Торговец довольно рассмеялся.

— В армии, префект, нет того навара, который я получу за этих красоток. Верные люди шепнули, мол, в таком?то урочище можно поживиться. Есть, мол, там святилище Бендиды. Она у даков что?то вроде нашей Матери–богини, да еще, словно Юнона, заведует домашним очагом, а при святилище жрицы. Все как на подбор ягодки. Ну, мы договорились с храбрецами–аполлинариями, те нагрянули в урочище. Ну, понятно, крики, вопли, слезы. Мы подоспели вовремя, сразу предъявили свои права. Был уговор девок не трогать, а вы чем тут собираетесь заняться? Так что будьте любезны. Легионеры понятно поперли на нас – ах, вы дерьмо, нам охота и все тут!
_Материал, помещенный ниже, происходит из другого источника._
definition max_prefix_antichain :: "word set \<Rightarrow> bool" where
  "max_prefix_antichain L \<longleftrightarrow> finite L \<and>
     (\<forall>a\<in>L. \<forall>b\<in>L. prefix a b \<longrightarrow> a = b) \<and>
     (\<forall>w. \<exists>l\<in>L. prefix l w \<or> prefix w l)"

definition qpi :: "(word \<Rightarrow> word) \<Rightarrow> cantor \<Rightarrow> cantor" where
  "qpi \<tau> \<omega> = (SOME y. \<exists>L. max_prefix_antichain L \<and> (\<forall>l\<in>L. \<forall>s. \<tau> (l @ s) = \<tau> l @ s) \<and>
       (\<exists>l\<in>L. \<exists>\<omega>'. \<omega> = cat l \<omega>' \<and> y = cat (\<tau> l) \<omega>'))"

definition ThompsonV :: "(cantor \<Rightarrow> cantor) set" where
  "ThompsonV = qpi ` QV"

definition lex_less :: "cantor \<Rightarrow> cantor \<Rightarrow> bool" where
  "lex_less a b \<longleftrightarrow> (\<exists>n. (\<forall>k<n. a k = b k) \<and> \<not> a n \<and> b n)"

definition ThompsonF :: "(cantor \<Rightarrow> cantor) set" where
  "ThompsonF = {f \<in> ThompsonV. \<forall>a b. lex_less a b \<longrightarrow> lex_less (f a) (f b)}"

definition QF :: "(word \<Rightarrow> word) set" where
  "QF = {\<tau> \<in> QV. qpi \<tau> \<in> ThompsonF}"
(* Let $U$ be a $d\times d$ unitary matrix. Then there exist a traceless Hermitian matrix $H$ and a phase $\phi\in\mathbb R$ such that $e^{-iH}=e^{i\phi}U$ (i.e. $d(U,e^{-iH})=0$), and moreover $\|H\|\le\pi\|I-U\|$ simultaneously for every unitarily invariant norm $\|\cdot\|$.
   Context: $d(U,V):=\min_{\phi\in\mathbb R}\|U-e^{i\phi}V\|$. A norm $\|\cdot\|$ on $d\times d$ matrices is unitarily invariant if $\|WAV\|=\|A\|$ for all unitaries $W,V$. *)

theory Defs
  imports "HOL-Analysis.Analysis"
begin

text \<open>d x d complex matrices are modelled as complex^'n^'n with d = CARD('n).\<close>

definition cmat_smult :: "complex \<Rightarrow> complex^'n^'m \<Rightarrow> complex^'n^'m" where
  "cmat_smult c A = (\<chi> i j. c * A $ i $ j)"

definition cadjoint :: "complex^'n^'m \<Rightarrow> complex^'m^'n" where
  "cadjoint A = (\<chi> i j. cnj (A $ j $ i))"

definition cunitary :: "complex^'n^'n \<Rightarrow> bool" where
  "cunitary U \<longleftrightarrow> cadjoint U ** U = mat 1 \<and> U ** cadjoint U = mat 1"

definition chermitian :: "complex^'n^'n \<Rightarrow> bool" where
  "chermitian H \<longleftrightarrow> cadjoint H = H"

fun mpow :: "complex^'n^'n \<Rightarrow> nat \<Rightarrow> complex^'n^'n" where
  "mpow A 0 = mat 1"
| "mpow A (Suc k) = A ** mpow A k"

definition mexp :: "complex^'n^'n \<Rightarrow> complex^'n^'n" where
  "mexp A = (\<Sum>k. (1 / fact k) *\<^sub>R mpow A k)"
theorem lemma6:
  fixes q :: real
  shows "(q \<ge> 1 \<longrightarrow>
            strict_mono_on {0<..<pi/2} (g1 q) \<and>
            (q > 1 \<longrightarrow> (\<forall>x\<in>{0<..<pi/2}. 3*q - 8/5 < g1 q x)) \<and>
            (q = 1 \<longrightarrow> (\<forall>x\<in>{0<..<pi/2}. 3*q - 8/5 < g1 q x \<and> g1 q x < pi^2/4 - 1)))
       \<and> (q \<le> 34/35 \<longrightarrow>
            strict_antimono_on {0<..<pi/2} (g1 q) \<and>
            (\<forall>x\<in>{0<..<pi/2}. g1 q x < 3*q - 8/5))"
proof (intro conjI impI)
  show "strict_mono_on {0<..<pi/2} (g1 q)" if "1 \<le> q"
    using that by (rule g1_strict_mono_on)
  show "\<forall>x\<in>{0<..<pi/2}. 3*q - 8/5 < g1 q x" if "1 \<le> q"
    using that g1_greater_limit by blast
  show "\<forall>x\<in>{0<..<pi/2}. 3*q - 8/5 < g1 q x \<and> g1 q x < pi^2/4 - 1" if "q = 1"
    using that g1_greater_limit[of 1] g1_1_less by simp
  show "strict_antimono_on {0<..<pi/2} (g1 q)" if "q \<le> 34/35"
    using that by (rule g1_strict_antimono_on)
  show "\<forall>x\<in>{0<..<pi/2}. g1 q x < 3*q - 8/5" if "q \<le> 34/35"
    using that g1_less_limit by blast
qed

end
text \<open>Nonmodal formulas do not depend on the information state, so a normal form \<open>\<Theta>\<close> with
  nonmodal components can be read through the truth sets of its components. A state \<open>Y\<close>
  satisfies \<open>Y \<subseteq> \<lbrakk>\<Theta>\<rbrakk>\<^sup>Y\<close> iff \<open>Y \<subseteq> info\<^sub>K\<close> and \<open>good\<^sub>K\<close> holds in \<open>Y\<close> for some index set \<open>K\<close>;
  hence the maximal such subsets of \<open>X\<close> are exactly the sets \<open>X \<inter> info\<^sub>K\<close> with \<open>max\<^sub>K\<close> true
  at \<open>X\<close>. The conditional then says that \<open>\<Omega>\<close> holds throughout each of these sets, and the
  formulas \<open>state\<^sub>S\<close> let \<open>\<lambda>\<^sup>*\<close> quantify over the disjuncts of \<open>\<Omega>\<close> whose nonmodal part is
  true at a given world. Soundness of K45 transfers this from normal forms to arbitrary
  formulas, and induction on \<open>\<delta>\<close> finishes the proof.\<close>

lemma sat_bigconj [simp]: "sat V w X (bigconj \<phi>s) \<longleftrightarrow> (\<forall>\<phi>\<in>set \<phi>s. sat V w X \<phi>)"
  by (induction \<phi>s rule: bigconj.induct) (auto simp: Top_def Bot_def)

lemma sat_bigdisj [simp]: "sat V w X (bigdisj \<phi>s) \<longleftrightarrow> (\<exists>\<phi>\<in>set \<phi>s. sat V w X \<phi>)"
  by (induction \<phi>s rule: bigdisj.induct) (auto simp: Or_def Bot_def)

lemma sat_Imp [simp]: "sat V w X (Imp \<phi> \<psi>) \<longleftrightarrow> (sat V w X \<phi> \<longrightarrow> sat V w X \<psi>)"
  by (simp add: Imp_def)

lemma sat_Iff [simp]: "sat V w X (Iff \<phi> \<psi>) \<longleftrightarrow> (sat V w X \<phi> \<longleftrightarrow> sat V w X \<psi>)"
  by (auto simp: Iff_def)

lemma sat_Dia [simp]: "sat V w X (Dia \<phi>) \<longleftrightarrow> (\<exists>v\<in>X. sat V v X \<phi>)"
  by (simp add: Dia_def)

lemma peval_sat: "peval (sat V w X) \<phi> = sat V w X \<phi>"
  by (induction \<phi>) auto

lemma K45_sound: "K45 \<phi> \<Longrightarrow> sat V w X \<phi>"
proof (induction arbitrary: w X rule: K45.induct)
  case (Taut \<phi>)
  then show ?case
    using peval_sat[of V w X \<phi>] by (simp add: taut_def)
qed auto

lemma in_L_bigconj [simp]: "in_L (bigconj \<phi>s) \<longleftrightarrow> (\<forall>\<phi>\<in>set \<phi>s. in_L \<phi>)"
  by (induction \<phi>s rule: bigconj.induct) (auto simp: Top_def Bot_def)

lemma in_L_bigdisj [simp]: "in_L (bigdisj \<phi>s) \<longleftrightarrow> (\<forall>\<phi>\<in>set \<phi>s. in_L \<phi>)"
  by (induction \<phi>s rule: bigdisj.induct) (auto simp: Or_def Bot_def)

lemma nonmodal_bigconj [simp]: "nonmodal (bigconj \<phi>s) \<longleftrightarrow> (\<forall>\<phi>\<in>set \<phi>s. nonmodal \<phi>)"
  by (induction \<phi>s rule: bigconj.induct) (auto simp: Top_def Bot_def)

lemma nonmodal_bigdisj [simp]: "nonmodal (bigdisj \<phi>s) \<longleftrightarrow> (\<forall>\<phi>\<in>set \<phi>s. nonmodal \<phi>)"
  by (induction \<phi>s rule: bigdisj.induct) (auto simp: Or_def Bot_def)

lemma nonmodal_imp_in_L: "nonmodal \<phi> \<Longrightarrow> in_L \<phi>"
  by (induction \<phi>) auto

lemma in_L_Imp [simp]: "in_L (Imp \<phi> \<psi>) \<longleftrightarrow> in_L \<phi> \<and> in_L \<psi>"
  by (simp add: Imp_def)
(* Let $0<x_1<\dots<x_n$ and $a_1,\dots,a_n>0$ with $\sum a_i=1$, and let $\mu=\sum_{i=1}^na_i\delta_{x_i}$. Let $\eta_i$, $H$, $\nu$ be as in the setting below, and $m_\eta=\mathbf{E}[\eta_1]$. Then $$s_\nu(z)=\frac{-1}{z\sum_{i=1}^n\frac{a_i}{x_i-z}}-1,$$ and $\nu$ is purely atomic with exactly $n$ atoms located in increasing order at $0,y_1,\dots,y_{n-1}$, where $y_i$ is the unique root of $y\mapsto\sum_{j=1}^n\frac{a_j}{x_j-y}$ in $(x_i,x_{i+1})$; the mass is $\nu(\{y_i\})=\lim_{z\to y_i}(y_i-z)s_\nu(z)$. Consequently, for all $x>0$, $$H(x)=\frac1{m_\eta}+\sum_{i=1}^{n-1}e^{-xy_i}\nu(\{y_i\}).$$
   Context: Setting: $\mu$ is a probability measure on $[0,\infty)$; $(\eta_n)_{n\ge1}$ are i.i.d. positive random variables with density $f_\eta(x)=\int_0^\infty s e^{-sx}\mathrm{d}\mu(s)$, $x>0$; $H(x)=\sum_{k\ge1}f_{\eta_1+\dots+\eta_k}(x)$ is the renewal intensity; $\nu$ is the positive measure on $[0,\infty)$ with $(1+s_\nu(z))s_\mu(z)=-1/z$ and $H(x)=\int_0^\infty e^{-xs}\mathrm{d}\nu(s)$. Stieltjes transform: $s_\mu(z)=\int\frac{\mathrm{d}\mu(x)}{x-z}$. *)

theory Defs
  imports "HOL-Analysis.Analysis"
begin

definition stieltjes :: "real measure \<Rightarrow> complex \<Rightarrow> complex" where
  "stieltjes M z = (\<integral> s. 1 / (complex_of_real s - z) \<partial>M)"

text \<open>Density of eta for mu = sum_{i=1..n} a_i delta_{x_i}:
  f(t) = int s e^{-s t} dmu(s) = sum a_i x_i e^{-x_i t} for t > 0 (0 otherwise).\<close>
definition f_eta :: "nat \<Rightarrow> (nat \<Rightarrow> real) \<Rightarrow> (nat \<Rightarrow> real) \<Rightarrow> real \<Rightarrow> real" where
  "f_eta n a x t = (if t > 0 then (\<Sum>i\<in>{1..n}. a i * x i * exp (- x i * t)) else 0)"

text \<open>Convolution of densities supported on (0, infinity).\<close>
definition conv :: "(real \<Rightarrow> real) \<Rightarrow> (real \<Rightarrow> real) \<Rightarrow> real \<Rightarrow> real" where
  "conv f g t = (\<integral> s. indicator {0..t} s * f s * g (t - s) \<partial>lborel)"

text \<open>conv_pow f k is the density of eta_1 + ... + eta_(k+1).\<close>
primrec conv_pow :: "(real \<Rightarrow> real) \<Rightarrow> nat \<Rightarrow> real \<Rightarrow> real" where
  "conv_pow f 0 = f"
| "conv_pow f (Suc k) = conv (conv_pow f k) f"

definition renewal_H :: "(real \<Rightarrow> real) \<Rightarrow> real \<Rightarrow> real" where
  "renewal_H f t = (\<Sum>k. conv_pow f k t)"

definition mean_eta :: "(real \<Rightarrow> real) \<Rightarrow> real" where
  "mean_eta f = (\<integral> t. t * f t \<partial>lborel)"

end

theory Submission
  imports Defs "HOL-Probability.Distributions"
begin

text \<open>Here \<open>s\<^sub>\<mu>\<close> is the rational function \<open>g z = \<Sum> a\<^sub>i / (x\<^sub>i - z)\<close>, so off the real axis
  \<open>s\<^sub>\<nu> = -1 / (z g) - 1 = -P / (z Q) - 1\<close> with \<open>P = \<Prod> (x\<^sub>i - z)\<close>. The right-hand side is
  continuous and real on the real axis except at \<open>0\<close> and the zeros of \<open>g\<close>; since \<open>g\<close> increases from
  \<open>-\<infinity>\<close> to \<open>+\<infinity>\<close> on each gap \<open>(x\<^sub>i, x\<^sub>i\<^sub>+\<^sub>1)\<close> and has no other real zeros, these are one
  point \<open>y\<^sub>i\<close> per gap. Bounding the mass of small intervals by the imaginary part of \<open>s\<^sub>\<nu>\<close>
  (Poisson kernel) shows that \<open>\<nu>\<close> lives on \<open>{0, y\<^sub>1, \<dots>, y\<^sub>n\<^sub>-\<^sub>1}\<close>, and each mass is the residue
  \<open>lim (y - z) s\<^sub>\<nu>(z)\<close>, computed explicitly and positive; at \<open>0\<close> it is \<open>1 / g 0 = 1 / E \<eta>\<close>.
  The formula for \<open>H\<close> is then the Laplace transform of this finite atomic measure.\<close>

section \<open>Measures on the real line with finite support\<close>

lemma AE_in_finite_support:
  fixes M :: "real measure"
  assumes sets: "sets M = sets borel" and "finite S" and "emeasure M (UNIV - S) = 0"
  shows "AE s in M. s \<in> S"
proof -
  have "UNIV - S \<in> sets M"
    using assms by (simp add: finite_imp_closed borel_closed)
  then have "UNIV - S \<in> null_sets M"
    using assms by (simp add: null_setsI)
  then show ?thesis
    by (rule AE_I') (auto simp: sets_eq_imp_space_eq[OF sets])
qed

lemma integral_finite_support:
  fixes M :: "real measure" and f :: "real \<Rightarrow> 'b::{banach,second_countable_topology}"
  assumes sets: "sets M = sets borel" and fin: "finite S" and null: "emeasure M (UNIV - S) = 0"
    and finite_mass: "\<And>p. p \<in> S \<Longrightarrow> emeasure M {p} < \<infinity>"
    and f: "f \<in> borel_measurable borel"
  shows "integral\<^sup>L M f = (\<Sum>p\<in>S. measure M {p} *\<^sub>R f p)"
proof -
  have meas: "borel_measurable M = (borel_measurable borel :: (real \<Rightarrow> 'b) set)"
    by (rule measurable_cong_sets[OF sets refl])
  have "integral\<^sup>L M f = integral\<^sup>L M (\<lambda>s. \<Sum>p\<in>S. indicator {p} s *\<^sub>R f p)"
  proof (rule integral_cong_AE)
    show "AE s in M. f s = (\<Sum>p\<in>S. indicator {p} s *\<^sub>R f p)"
      using AE_in_finite_support[OF sets fin null]
      by eventually_elim (simp add: fin indicator_def of_bool_def if_distrib[of "\<lambda>c. c *\<^sub>R _"] cong: if_cong)
  qed (use f meas in simp_all)
  also have "\<dots> = (\<Sum>p\<in>S. measure M {p} *\<^sub>R f p)"
  proof -
    have "integrable M (\<lambda>s. indicator {p} s *\<^sub>R f p)" if "p \<in> S" for p
      using finite_mass[OF that] sets
      by (intro integrable_scaleR_left) (simp add: integrable_indicator_iff)
    then show ?thesis
      using finite_mass sets by (simp add: integral_scaleR_left)
  qed
  finally show ?thesis .
qed

lemma nn_integral_finite_support:
  fixes M :: "real measure" and f :: "real \<Rightarrow> ennreal"
  assumes sets: "sets M = sets borel" and fin: "finite S" and null: "emeasure M (UNIV - S) = 0"
  shows "(\<integral>\<^sup>+ s. f s \<partial>M) = (\<Sum>p\<in>S. f p * emeasure M {p})"
proof -
  have "(\<integral>\<^sup>+ s. f s \<partial>M) = (\<integral>\<^sup>+ s. (\<Sum>p\<in>S. f p * indicator {p} s) \<partial>M)"
    using AE_in_finite_support[OF sets fin null]
    by (intro nn_integral_cong_AE, eventually_elim)
      (simp add: fin indicator_def of_bool_def if_distrib[of "\<lambda>c. _ * c"] cong: if_cong)
  also have "\<dots> = (\<Sum>p\<in>S. f p * emeasure M {p})"
    using sets by (subst nn_integral_sum) (auto simp: nn_integral_cmult_indicator
        measurable_cong_sets[OF sets refl])
  finally show ?thesis .
qed

lemma ennreal_eq_ennreal_pos_imp_eq:
  fixes a b :: real
  assumes "ennreal a = ennreal b" and "b > 0"
  shows "a = b"
  using assms by (metis ennreal_eq_0_iff ennreal_inj less_le not_le)

section \<open>Stieltjes transforms\<close>

lemma emeasure_interval_le_Im_stieltjes:
  fixes \<nu> :: "real measure"
  assumes sets: "sets \<nu> = sets borel" and e: "e > 0"
    and int: "integrable \<nu> (\<lambda>s. 1 / (complex_of_real s - Complex c e))"
  shows "emeasure \<nu> {c - e .. c + e} \<le> ennreal (2 * e * Im (stieltjes \<nu> (Complex c e)))"
proof -
  define \<phi> where "\<phi> s = 2 * e * Im (1 / (complex_of_real s - Complex c e))" for s
  have \<phi>_eq: "\<phi> s = 2 * e * (e / ((s - c)\<^sup>2 + e\<^sup>2))" for s
    by (simp add: \<phi>_def Im_divide power2_eq_square)
  have \<phi>_nonneg: "\<phi> s \<ge> 0" for s
    unfolding \<phi>_eq using e by (intro mult_nonneg_nonneg divide_nonneg_pos add_nonneg_pos) auto
  \<comment> \<open>the Poisson kernel dominates the indicator of the interval of half-width \<open>e\<close>\<close>
  have indicator_le: "indicator {c - e .. c + e} s \<le> ennreal (\<phi> s)" for s
  proof (cases "s \<in> {c - e .. c + e}")
    case True
    then have "(s - c)\<^sup>2 \<le> e\<^sup>2"
      using e by (simp add: abs_le_square_iff[symmetric] abs_le_iff)
    then have "(s - c)\<^sup>2 + e\<^sup>2 \<le> 2 * e * e"
      by (simp add: power2_eq_square)
    moreover have "(s - c)\<^sup>2 + e\<^sup>2 > 0"
      using e by (simp add: add_nonneg_pos)
    ultimately have "1 \<le> 2 * e * e / ((s - c)\<^sup>2 + e\<^sup>2)"
      by (simp add: le_divide_eq)
    then have "1 \<le> \<phi> s"
      by (simp add: \<phi>_eq)
    then show ?thesis using True by simp
  qed simp
  have "emeasure \<nu> {c - e .. c + e} = (\<integral>\<^sup>+ s. indicator {c - e .. c + e} s \<partial>\<nu>)"
    using sets by simp
  also have "\<dots> \<le> (\<integral>\<^sup>+ s. ennreal (\<phi> s) \<partial>\<nu>)"
    by (intro nn_integral_mono indicator_le)
  also have "\<dots> = ennreal (integral\<^sup>L \<nu> \<phi>)"
    using int \<phi>_nonneg unfolding \<phi>_def
    by (intro nn_integral_eq_integral integrable_mult_right integrable_Im) auto
  also have "integral\<^sup>L \<nu> \<phi> = 2 * e * Im (stieltjes \<nu> (Complex c e))"
    unfolding \<phi>_def stieltjes_def using int by simp
  finally show ?thesis .
qed

lemma emeasure_singleton_finite_if_stieltjes_integrable:
  fixes \<nu> :: "real measure"
  assumes sets: "sets \<nu> = sets borel"
    and int: "\<And>z. Im z \<noteq> 0 \<Longrightarrow> integrable \<nu> (\<lambda>s. 1 / (complex_of_real s - z))"
  shows "emeasure \<nu> {p} < \<infinity>"
proof -
  have "emeasure \<nu> {p} \<le> emeasure \<nu> {p - 1 .. p + 1}"
    by (rule emeasure_mono) (auto simp: sets)
  also have "\<dots> \<le> ennreal (2 * 1 * Im (stieltjes \<nu> (Complex p 1)))"
    by (rule emeasure_interval_le_Im_stieltjes[OF sets _ int]) auto
  also have "\<dots> < \<infinity>"
    by simp
  finally show ?thesis .
qed

lemma emeasure_interval_le_if_small_intervals_le:
  fixes \<nu> :: "real measure"
  assumes sets: "sets \<nu> = sets borel" and r: "r > 0" and d: "d > 0" and \<eta>: "\<eta> \<ge> 0"
    and small: "\<And>c e. c \<in> {p - r .. p + r} \<Longrightarrow> 0 < e \<Longrightarrow> e < d
        \<Longrightarrow> emeasure \<nu> {c - e .. c + e} \<le> ennreal (2 * e * \<eta>)"
  shows "emeasure \<nu> {p - r .. p + r} \<le> ennreal (2 * r * \<eta>)"
proof -
  obtain N :: nat where N: "r / d < N"
    using reals_Archimedean2 by blast
  moreover have "0 < r / d"
    using r d by simp
  ultimately have N_pos: "N > 0"
    by linarith
  define e where "e = r / N"
  have e: "e > 0" "e < d" "e \<le> r" and Ne: "real N * e = r"
    using N N_pos r d by (auto simp: e_def field_simps)
  have cover: "emeasure \<nu> {p - r .. p - r + 2 * m * e} \<le> ennreal (2 * e * \<eta> * m)"
    if "1 \<le> m" "m \<le> N" for m :: nat
    using that
  proof (induction m rule: nat_induct_at_least)
    case base
    have "emeasure \<nu> {p - r .. p - r + 2 * 1 * e} = emeasure \<nu> {(p - r + e) - e .. (p - r + e) + e}"
      by (simp add: algebra_simps)
    also have "\<dots> \<le> ennreal (2 * e * \<eta>)"
      using e by (intro small) auto
    finally show ?case by simp
  next
    case (Suc m)
    define c where "c = p - r + (2 * m + 1) * e"
    have "(2 * real m + 1) * e \<le> 2 * real N * e"
      using Suc.prems e by (intro mult_right_mono) auto
    then have c: "c \<in> {p - r .. p + r}"
      using e Ne by (auto simp: c_def algebra_simps)
    have "{p - r .. p - r + 2 * Suc m * e} \<subseteq> {p - r .. p - r + 2 * m * e} \<union> {c - e .. c + e}"
      by (auto simp: c_def algebra_simps)
    then have "emeasure \<nu> {p - r .. p - r + 2 * Suc m * e}
        \<le> emeasure \<nu> ({p - r .. p - r + 2 * m * e} \<union> {c - e .. c + e})"
      by (rule emeasure_mono) (simp add: sets)
    also have "\<dots> \<le> emeasure \<nu> {p - r .. p - r + 2 * m * e} + emeasure \<nu> {c - e .. c + e}"
      by (rule emeasure_subadditive) (simp_all add: sets)
    also have "\<dots> \<le> ennreal (2 * e * \<eta> * m) + ennreal (2 * e * \<eta>)"
      using Suc c e by (intro add_mono small) auto
    also have "\<dots> = ennreal (2 * e * \<eta> * Suc m)"
      using e \<eta> by (simp add: ennreal_plus[symmetric] algebra_simps del: ennreal_plus)
    finally show ?case .
  qed
  have "p - r + 2 * N * e = p + r" and "2 * e * \<eta> * N = 2 * r * \<eta>"
    using Ne by (auto simp: algebra_simps)
  with cover[of N] N_pos show ?thesis
    by (metis One_nat_def Suc_leI order_refl)
qed
section \<open>The periodic setting\<close>

lemma lattice_kpp_if_H0:
  fixes d :: "real \<Rightarrow> int \<Rightarrow> real" and f fu :: "real \<Rightarrow> int \<Rightarrow> real \<Rightarrow> real"
  assumes "T > 0" and "J > 0"
    and d_bdd: "\<exists>B. \<forall>t j. \<bar>d t j\<bar> \<le> B" and d_inf_pos: "\<exists>m>0. \<forall>t j. d t j \<ge> m"
    and per_t: "\<And>t j u. f (t + T) j u = f t j u" and per_j: "\<And>t j u. f t (j + int J) u = f t j u"
    and hoelder: "\<And>K. \<exists>\<alpha> C. 0 < \<alpha> \<and> \<alpha> \<le> 1 \<and>
         (\<forall>t s j u. \<bar>u\<bar> \<le> K \<longrightarrow> \<bar>t - s\<bar> \<le> 1 \<longrightarrow> \<bar>f t j u - f s j u\<bar> \<le> C * \<bar>t - s\<bar> powr \<alpha>)"
    and lip: "\<And>K. \<exists>L. \<forall>t j u v. \<bar>u\<bar> \<le> K \<longrightarrow> \<bar>v\<bar> \<le> K \<longrightarrow> \<bar>f t j u - f t j v\<bar> \<le> L * \<bar>u - v\<bar>"
    and der: "\<And>t j u. 0 \<le> u \<Longrightarrow> (f t j has_real_derivative fu t j u) (at u within {0..})"
    and der_neg: "\<And>t j u. 0 \<le> u \<Longrightarrow> fu t j u < 0"
    and nonpos_arg: "\<And>t j u. u \<le> 0 \<Longrightarrow> f t j u = f t j 0"
  obtains A where "lattice_kpp d f A"
proof -
  obtain A where A: "\<And>t j. d t j \<le> A" using d_bdd abs_le_D1 by metis
  have "lattice_kpp d f A"
  proof
    show "0 \<le> d t j" and "d t j \<le> A" for t j using d_inf_pos A by (meson less_le_trans less_imp_le)+
    show "f t j w \<le> f t j v" if "0 \<le> v" "v \<le> w" for t j v w
      by (rule antitone_on_nonneg_if_deriv_nonpos[where g="f t j" and g'="fu t j",
            OF der less_imp_le[OF der_neg] that])
    show "f t j v = f t j 0" if "v \<le> 0" for t j v using nonpos_arg[OF that] .
    fix B :: real
    obtain \<alpha> C where "0 < \<alpha>"
      and "\<forall>t s j u. \<bar>u\<bar> \<le> 0 \<longrightarrow> \<bar>t - s\<bar> \<le> 1 \<longrightarrow> \<bar>f t j u - f s j u\<bar> \<le> C * \<bar>t - s\<bar> powr \<alpha>"
      using hoelder[of 0] by blast
    then have C: "\<And>t s j. \<bar>t - s\<bar> \<le> 1 \<Longrightarrow> \<bar>f t j 0 - f s j 0\<bar> \<le> C * \<bar>t - s\<bar> powr \<alpha>" by simp
    have "isCont (\<lambda>s. f s j 0) t" for t j using isCont_if_hoelder[OF \<open>0 < \<alpha>\<close> C] .
    then have "continuous_on {0..T} (\<lambda>t. f t j 0)" for j by (simp add: continuous_at_imp_continuous_on)
    then obtain F0 where F0: "\<And>t j. f t j 0 \<le> F0"
      using periodic_continuous_bounded_above[where g="\<lambda>t j. f t j 0", OF \<open>T > 0\<close> \<open>J > 0\<close> per_t per_j]
      by blast
    obtain L where L: "\<And>t j u v. \<bar>u\<bar> \<le> \<bar>B\<bar> \<Longrightarrow> \<bar>v\<bar> \<le> \<bar>B\<bar> \<Longrightarrow> \<bar>f t j u - f t j v\<bar> \<le> L * \<bar>u - v\<bar>"
      using lip[of "\<bar>B\<bar>"] by blast
    have "f t j v \<le> F0 + \<bar>L\<bar> * \<bar>B\<bar>" if "\<bar>v\<bar> \<le> B" for t j v
    proof -
      have "L * \<bar>v\<bar> \<le> \<bar>L\<bar> * \<bar>B\<bar>" using that by (intro mult_mono) auto
      moreover have "\<bar>f t j v - f t j 0\<bar> \<le> L * \<bar>v\<bar>" using L[of v 0 t j] that by simp
      ultimately show ?thesis using F0[of t j] by linarith
    qed
    then show "\<exists>F. \<forall>t j v. \<bar>v\<bar> \<le> B \<longrightarrow> f t j v \<le> F" by blast
  qed
  then show thesis by (rule that)
qed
Пришлось напомнить, денежки вы, храбрые аполлинарии, успели получить? Так что будьте любезны. Ну, мы отобрали тех, кто посмазливей, остальных отдали нашим храбрецам на сутки с условием, чтобы те, как только сутки закончатся, вернули их. И ни минутой дольше.

Он вновь захохотал, потом огорченно добавил.

— К сожалению, не все, даже из красоток, успели сохранить святость, которую они должны были хранить даже ценой собственной жизни, но и тех, кого мы отбили, вполне достаточно, что получить неплохой навар.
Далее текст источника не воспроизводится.